For more on that topic, I would recommend reading this article.

1. Number of Bugs – possibly by priority or severity

The number of bugs will, in general, start increasing in the middle of a project’s lifecycle. A few days or weeks (depending on the size of the project) before the deadline, the team will focus on reducing the number of bugs, until the number of bugs reaches a kind of asymptote. This asymptote is eventually representative of the overall quality of the project’s product. So tracking the overall number of bugs (distinguishing their priorities) is a good indicator.

However, not all bugs are equal. That’s why most teams assign a priority and/or severity to bugs. It could be interesting to track P1 bugs and P2 ones for instance, and only those. This depends on the maturity level of your product. For a new product, you will want to stay focused on P1s. Indeed, a product with lots of P1s will be perceived as just not working.

If you don’t have any P1s anymore, but still P2s, users will still experience those bugs and that might impact their perception of the product negatively.

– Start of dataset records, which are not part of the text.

(* Let $\Phi$ be irreducible with highest root $\gamma$ and $\mathfrak h_\gamma=\Phi^+\setminus\{\gamma\}$. Fix $w\in W$ and $\beta\in\Phi^+$. Then there is at most one $v\in W$ such that $v>w$ in Bruhat order, $\beta\in N^\gamma_w\cap N_v$, $\ell_\gamma(w)=\ell_\gamma(v)$, and $v^{-1}\beta=-\gamma$.
   Context: $\Phi$ is a crystallographic root system in a real Euclidean space with base $\Delta$, positive roots $\Phi^+$, $\Phi^-=-\Phi^+$, Weyl group $W$; $s_\alpha$ is the reflection through $\alpha$. $\Phi$ irreducible means it is not a disjoint union of two root systems; then there is a unique highest root $\gamma\in\Phi^+$ with $\alpha\prec\gamma$ for all $\alpha\in\Phi$, where $\alpha\prec\beta$ means $\beta-\alpha$ is a sum of positive roots. For $w\in W$, $N_w=\{\beta\in\Phi^+: w^{-1}\beta\in\Phi^-\}$, $N^\gamma_w=\{\beta\in\Phi^+: w^{-1}\beta\in-\mathfrak h_\gamma\}$, and $\ell_\gamma(w)=|N^\gamma_w|$. Bruhat order $<$ is the transitive closure of the relations $u<s_\alpha u$ for $\alpha\in\Phi^+$ with $(s_\alpha u)^{-1}\alpha\in\Phi^-$. *)

theory Defs
  imports "HOL-Analysis.Analysis"
begin

definition refl :: "'a::euclidean_space \<Rightarrow> 'a \<Rightarrow> 'a" where
  "refl \<alpha> x = x - ((2 * (x \<bullet> \<alpha>)) / (\<alpha> \<bullet> \<alpha>)) *\<^sub>R \<alpha>"

definition root_system :: "'a::euclidean_space set \<Rightarrow> bool" where
  "root_system \<Phi> \<longleftrightarrow>
     finite \<Phi> \<and> 0 \<notin> \<Phi> \<and> span \<Phi> = UNIV \<and>
     (\<forall>\<alpha>\<in>\<Phi>. \<forall>c::real. c *\<^sub>R \<alpha> \<in> \<Phi> \<longrightarrow> c = 1 \<or> c = -1) \<and>
     (\<forall>\<alpha>\<in>\<Phi>. refl \<alpha> ` \<Phi> = \<Phi>) \<and>
     (\<forall>\<alpha>\<in>\<Phi>. \<forall>\<beta>\<in>\<Phi>. (2 * (\<beta> \<bullet> \<alpha>)) / (\<alpha> \<bullet> \<alpha>) \<in> \<int>)"

definition irreducible_rs :: "'a::euclidean_space set \<Rightarrow> bool" where
  "irreducible_rs \<Phi> \<longleftrightarrow>
     \<not> (\<exists>\<Phi>1 \<Phi>2. \<Phi>1 \<noteq> {} \<and> \<Phi>2 \<noteq> {} \<and> \<Phi>1 \<union> \<Phi>2 = \<Phi> \<and> \<Phi>1 \<inter> \<Phi>2 = {} \<and>
         (\<forall>\<alpha>\<in>\<Phi>1. \<forall>\<beta>\<in>\<Phi>2. \<alpha> \<bullet> \<beta> = 0))"

definition is_base :: "'a::euclidean_space set \<Rightarrow> 'a set \<Rightarrow> bool" where
  "is_base \<Phi> \<Delta> \<longleftrightarrow> \<Delta> \<subseteq> \<Phi> \<and> independent \<Delta> \<and>
     (\<forall>\<beta>\<in>\<Phi>. \<exists>c::'a \<Rightarrow> int. \<beta> = (\<Sum>\<delta>\<in>\<Delta>. of_int (c \<delta>) *\<^sub>R \<delta>) \<and>
         ((\<forall>\<delta>\<in>\<Delta>. c \<delta> \<ge> 0) \<or> (\<forall>\<delta>\<in>\<Delta>. c \<delta> \<le> 0)))"

definition pos_roots :: "'a::euclidean_space set \<Rightarrow> 'a set \<Rightarrow> 'a set" where
  "pos_roots \<Phi> \<Delta> = {\<beta>\<in>\<Phi>. \<exists>c::'a \<Rightarrow> int. \<beta> = (\<Sum>\<delta>\<in>\<Delta>. of_int (c \<delta>) *\<^sub>R \<delta>) \<and>
         (\<forall>\<delta>\<in>\<Delta>. c \<delta> \<ge> 0)}"

definition neg_roots :: "'a::euclidean_space set \<Rightarrow> 'a set \<Rightarrow> 'a set" where
  "neg_roots \<Phi> \<Delta> = uminus ` pos_roots \<Phi> \<Delta>"

definition root_prec :: "'a::euclidean_space set \<Rightarrow> 'a set \<Rightarrow> 'a \<Rightarrow> 'a \<Rightarrow> bool" where
  "root_prec \<Phi> \<Delta> \<alpha> \<beta> \<longleftrightarrow>
     (\<exists>m::'a \<Rightarrow> nat. \<beta> - \<alpha> = (\<Sum>x\<in>pos_roots \<Phi> \<Delta>. of_nat (m x) *\<^sub>R x))"

definition highest_root :: "'a::euclidean_space set \<Rightarrow> 'a set \<Rightarrow> 'a \<Rightarrow> bool" where
  "highest_root \<Phi> \<Delta> \<gamma> \<longleftrightarrow> \<gamma> \<in> pos_roots \<Phi> \<Delta> \<and> (\<forall>\<alpha>\<in>\<Phi>. root_prec \<Phi> \<Delta> \<alpha> \<gamma>)"

inductive_set weyl_group :: "'a::euclidean_space set \<Rightarrow> ('a \<Rightarrow> 'a) set" for \<Phi> where
  weyl_id: "id \<in> weyl_group \<Phi>"
| weyl_step: "w \<in> weyl_group \<Phi> \<Longrightarrow> \<alpha> \<in> \<Phi> \<Longrightarrow> refl \<alpha> \<circ> w \<in> weyl_group \<Phi>"

definition N_set :: "'a::euclidean_space set \<Rightarrow> 'a set \<Rightarrow> ('a \<Rightarrow> 'a) \<Rightarrow> 'a set" where
  "N_set \<Phi> \<Delta> w = {\<beta>\<in>pos_roots \<Phi> \<Delta>. inv w \<beta> \<in> neg_roots \<Phi> \<Delta>}"

definition h_gamma :: "'a::euclidean_space set \<Rightarrow> 'a set \<Rightarrow> 'a \<Rightarrow> 'a set" where
  "h_gamma \<Phi> \<Delta> \<gamma> = pos_roots \<Phi> \<Delta> - {\<gamma>}"

definition N_gamma :: "'a::euclidean_space set \<Rightarrow> 'a set \<Rightarrow> 'a \<Rightarrow> ('a \<Rightarrow> 'a) \<Rightarrow> 'a set" where
  "N_gamma \<Phi> \<Delta> \<gamma> w = {\<beta>\<in>pos_roots \<Phi> \<Delta>. inv w \<beta> \<in> uminus ` h_gamma \<Phi> \<Delta> \<gamma>}"

definition ell_gamma :: "'a::euclidean_space set \<Rightarrow> 'a set \<Rightarrow> 'a \<Rightarrow> ('a \<Rightarrow> 'a) \<Rightarrow> nat" where
  "ell_gamma \<Phi> \<Delta> \<gamma> w = card (N_gamma \<Phi> \<Delta> \<gamma> w)"

definition bruhat_step :: "'a::euclidean_space set \<Rightarrow> 'a set \<Rightarrow> ('a \<Rightarrow> 'a) \<Rightarrow> ('a \<Rightarrow> 'a) \<Rightarrow> bool" where
  "bruhat_step \<Phi> \<Delta> u v \<longleftrightarrow> u \<in> weyl_group \<Phi> \<and>
     (\<exists>\<alpha>\<in>pos_roots \<Phi> \<Delta>. v = refl \<alpha> \<circ> u \<and> inv v \<alpha> \<in> neg_roots \<Phi> \<Delta>)"

definition bruhat_less :: "'a::euclidean_space set \<Rightarrow> 'a set \<Rightarrow> ('a \<Rightarrow> 'a) \<Rightarrow> ('a \<Rightarrow> 'a) \<Rightarrow> bool" where
  "bruhat_less \<Phi> \<Delta> = tranclp (bruhat_step \<Phi> \<Delta>)"

end

theory Submission
  imports Defs
begin

text \<open>Let \<open>\<ell>(u) = |N\<^sub>u|\<close>. A Bruhat step \<open>u < s\<^sub>\<alpha> u\<close> strictly raises \<open>\<ell>\<close>, so a
  Bruhat chain of length at least two raises it by at least two. If \<open>v\<^sup>-\<^sup>1\<beta> = -\<gamma>\<close> with
  \<open>\<beta> \<in> N\<^sub>v\<close>, then \<open>N\<^sup>\<gamma>\<^sub>v = N\<^sub>v - {\<beta>}\<close>, so \<open>\<ell>\<^sub>\<gamma>(w) = \<ell>\<^sub>\<gamma>(v)\<close> forces
  \<open>\<ell>(v) \<le> \<ell>(w) + 1\<close> and hence \<open>v = s\<^sub>\<alpha> w\<close> for a single positive root \<open>\<alpha>\<close>.
  Then \<open>s\<^sub>\<alpha> \<beta> = -w\<gamma>\<close>, which differs from \<open>\<beta>\<close> because \<open>w\<^sup>-\<^sup>1\<beta> \<noteq> -\<gamma>\<close>; so \<open>\<alpha>\<close> is
  a positive root on the line through \<open>\<beta> + w\<gamma> \<noteq> 0\<close>, and reducedness makes it unique.\<close>

lemma linear_refl: "linear (refl a)"
  unfolding refl_def
  by (rule linearI) (auto simp: inner_add_left algebra_simps add_divide_distrib diff_divide_distrib)

lemma refl_refl: "(a::'a::euclidean_space) \<noteq> 0 \<Longrightarrow> refl a (refl a x) = x"
  unfolding refl_def by (simp add: inner_diff_left algebra_simps field_simps)

lemma refl_self: "refl a a = - a"
  unfolding refl_def by (cases "a = 0") (simp_all add: scaleR_2)

lemma bij_refl: "(a::'a::euclidean_space) \<noteq> 0 \<Longrightarrow> bij (refl a)"
  by (metis bij_betw_imageI inj_on_inverseI refl_refl surjI)

lemma inv_refl: "(a::'a::euclidean_space) \<noteq> 0 \<Longrightarrow> inv (refl a) = refl a"
  by (rule inv_unique_comp) (auto simp: refl_refl)

definition nonneg_int_comb :: "'a::real_vector set \<Rightarrow> 'a \<Rightarrow> bool" where
  "nonneg_int_comb D x \<longleftrightarrow>
     (\<exists>c::'a \<Rightarrow> int. x = (\<Sum>d\<in>D. of_int (c d) *\<^sub>R d) \<and> (\<forall>d\<in>D. c d \<ge> 0))"

lemma nonneg_int_comb_add:
  assumes "nonneg_int_comb D x" and "nonneg_int_comb D y"
  shows "nonneg_int_comb D (x + y)"
proof -
  obtain a b where "x = (\<Sum>d\<in>D. of_int (a d) *\<^sub>R d)" "y = (\<Sum>d\<in>D. of_int (b d) *\<^sub>R d)"
    and "\<forall>d\<in>D. a d \<ge> 0" "\<forall>d\<in>D. b d \<ge> 0"
    using assms unfolding nonneg_int_comb_def by blast
  then show ?thesis
    unfolding nonneg_int_comb_def
    by (intro exI[of _ "\<lambda>d. a d + b d"]) (simp add: scaleR_add_left sum.distrib)
qed

lemma nonneg_int_comb_scale:
  assumes "nonneg_int_comb D x" and "m \<ge> 0"
  shows "nonneg_int_comb D (of_int m *\<^sub>R x)"
proof -
  obtain a where "x = (\<Sum>d\<in>D. of_int (a d) *\<^sub>R d)" "\<forall>d\<in>D. a d \<ge> 0"
    using assms(1) unfolding nonneg_int_comb_def by blast
  then show ?thesis
    unfolding nonneg_int_comb_def using assms(2)
    by (intro exI[of _ "\<lambda>d. m * a d"]) (simp add: scaleR_sum_right)
qed

lemma nonneg_int_comb_antisym:
  assumes "finite D" and "independent D"
    and "nonneg_int_comb D x" and "nonneg_int_comb D (- x)"
  shows "x = 0"
proof -
  obtain a b where a: "x = (\<Sum>d\<in>D. of_int (a d) *\<^sub>R d)" "\<forall>d\<in>D. a d \<ge> 0"
    and b: "- x = (\<Sum>d\<in>D. of_int (b d) *\<^sub>R d)" "\<forall>d\<in>D. b d \<ge> 0"
    using assms(3,4) unfolding nonneg_int_comb_def by blast
  have "(\<Sum>d\<in>D. real_of_int (a d + b d) *\<^sub>R d)
      = (\<Sum>d\<in>D. of_int (a d) *\<^sub>R d) + (\<Sum>d\<in>D. of_int (b d) *\<^sub>R d)"
    by (simp add: scaleR_add_left sum.distrib)
  also have "\<dots> = 0"
    by (simp flip: a(1) b(1))
  finally have "(\<Sum>d\<in>D. real_of_int (a d + b d) *\<^sub>R d) = 0" .
  then have "real_of_int (a d + b d) = 0" if "d \<in> D" for d
    using independentD[OF assms(2,1) subset_refl] that by simp
  then have "a d = 0" if "d \<in> D" for d
    using that a(2) b(2) by fastforce
  then show ?thesis using a(1) by simp
qed

locale root_system_space =
  fixes \<Phi> :: "'a::euclidean_space set"
  assumes root_system: "root_system \<Phi>"
begin

lemma finite_roots: "finite \<Phi>"
  and zero_not_root: "0 \<notin> \<Phi>"
  and root_multiple: "\<alpha> \<in> \<Phi> \<Longrightarrow> c *\<^sub>R \<alpha> \<in> \<Phi> \<Longrightarrow> c = 1 \<or> c = -1"
  and refl_image_roots: "\<alpha> \<in> \<Phi> \<Longrightarrow> refl \<alpha> ` \<Phi> = \<Phi>"
  and cartan_integer: "\<alpha> \<in> \<Phi> \<Longrightarrow> \<beta> \<in> \<Phi> \<Longrightarrow> (2 * (\<beta> \<bullet> \<alpha>)) / (\<alpha> \<bullet> \<alpha>) \<in> \<int>"
  using root_system unfolding root_system_def by auto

If you want your product to be perceived as high-quality, at the level of Apple for example, this actually happens when you have tackled a lot of those P3 and P4 bugs. This is the level you need to reach. So focus on tracking only what matters for you now.

When to use it?

This metric is very helpful if your product quality is important to your business. And if so, you should constantly track it. However, if you got all P1s and P2s resolved, you might want to aim for a higher quality standard by tracking P3s for instance.

2. Change Failure Percentage

Accelerate defines a failure as a change that “results in degraded service or subsequently requires remediation (e.g., leads to service impairment or outage, require a hotfix, a rollback, a fix-forward, or a patch.)”. So this rating is the number of deploys resulting in a failure on the total number of deploys.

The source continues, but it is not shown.